Tracking Miss Saigon Around The World

Since the new, smaller-scale tour of the legendary Cameron Mackintosh musical Miss Saigon opened at the UK’s Theatre Royal Plymouth in mid-2004, it has played countless venues throughout the UK, one in Portugal, four in Korea, one in South America, and three in Australia. Through all of that, one tool has been the key to keeping the lighting on top form: FocusTrack.

Designed for shows that have to be maintained across long runs, through touring venues, or even across countries or continents, FocusTrack is a system for precisely documenting the lighting of entertainment productions, in order to allow it to be accurately maintained or re-created.

For Miss Saigon, that means managing information about a rig of around 70 moving lights (VL2000s, VL3000s, Revolutions, Digital Light Curtains, Alpha Halo Washlights), one hundred or so dimmers, color scrollers, a Catalyst media server and more. Designed by Jenny Kagan and David Hersey, the show was programmed by Rob Halliday on a Strand 500-series console; the show data from the console was imported into FocusTrack to automatically generate a complete record of which focus positions were used by which lights in which cues. FocusTrack was then used to control the console while photographs were taken to document the position of each light in each preset focus—a total of around 1,145 photographs, or an average of around 16 positions per light during the show, with FocusTrack allowing all of these positions to be photographed in just a few hours.
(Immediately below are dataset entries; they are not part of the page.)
lemma edge_eq_w_triangular_flip:
  fixes H :: "'a::field fls mat2"
  assumes "En \<noteq> 0" "mdet H \<noteq> 0" "m11 H \<noteq> 0"
    and "m12 H = 0 \<or> fls_subdegree (m11 H) \<le> fls_subdegree (m12 H)"
    and "int k = fls_subdegree (mdet H) - fls_subdegree En - 2 * fls_subdegree (m11 H) + 1"
  shows "\<exists>u. edge H = edge (mmul (mmul (Mat2 0 (-1) En 0) (Mat2 (fls_X ^ k) u 0 1)) (Mat2 0 1 fls_X 0))"
proof -
  obtain H11 H12 H21 H22 where H: "H = Mat2 H11 H12 H21 H22"
    by (cases H)
  define K where "K = Mat2 1 (H12 / H11) 0 (- (fls_X * mdet H) / (fls_X ^ k * En * H11\<^sup>2))"
  have factor: "H = mmul (mmul (mmul (Mat2 0 (-1) En 0) (Mat2 P (- H21 / (En * H11)) 0 1)) (Mat2 0 1 X 0))
              (mscale (- H11 / X) (Mat2 1 (H12 / H11) 0 (- (X * mdet H) / (P * En * H11\<^sup>2))))"
    if "P \<noteq> 0" "X \<noteq> 0" for P X
    using assms(1,3) that by (simp add: H mmul_def mscale_def mdet_def field_simps power2_eq_square)
  have "H = mmul (mmul (mmul (Mat2 0 (-1) En 0) (Mat2 (fls_X ^ k) (- H21 / (En * H11)) 0 1)) (Mat2 0 1 fls_X 0))
            (mscale (- H11 / fls_X) K)"
    unfolding K_def by (rule factor) simp_all
  moreover have "K \<in> Iwahori"
  proof -
    have "fls_subdegree (- (fls_X * mdet H) / (fls_X ^ k * En * H11\<^sup>2)) = 0"
      using assms by (simp add: H fls_divide_subdegree fls_subdegree_pow)
    moreover have "H12 / H11 \<in> O_inf"
      using assms(3,4) by (cases "H12 = 0") (auto simp: H O_inf_def fls_divide_subdegree)
    ultimately show ?thesis
      using assms(1-3) by (simp add: H K_def Iwahori_def O_inf_def piO_inf_def mdet_def)
  qed
  moreover have "- H11 / fls_X \<noteq> 0"
    using assms(3) by (metis H mat2.sel(1) divide_eq_0_iff fls_X_nonzero neg_equal_0_iff_equal)
  ultimately show ?thesis
    using edge_mmul_Iwahori by metis
qed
The lighting for the Korean, South American, and Australian productions is now overseen by Richard Pacholski and his team, including programmer Hugh Hamilton and production electrician Paul Mulcahy. FocusTrack ensures that information about the focus of the rig and the look of cues is available as new teams of people take over the running of the show. It also gives the team a record of how the lighting is meant to look even when the rig has to undergo quite drastic changes.

“For the Sao Paulo production, still playing at the Teatro Abrill, we had to use Mac2000 Washes in place of VL3000Q Washes and VL2500 Spots instead of VL2000 Spots,” Pacholski notes. “But having a record of what things were meant to look like enabled us to focus the new lights and get the show looking right again in just one day.”

For the show’s current Australian tour—now in Sydney, having already played Melbourne and Brisbane—with Adelaide and Perth still to come, Pacholski notes, “We are 1000km and six days show to show. We get about seven hours to do 1,200 moving light focuses; that’s something that we can only manage with FocusTrack.”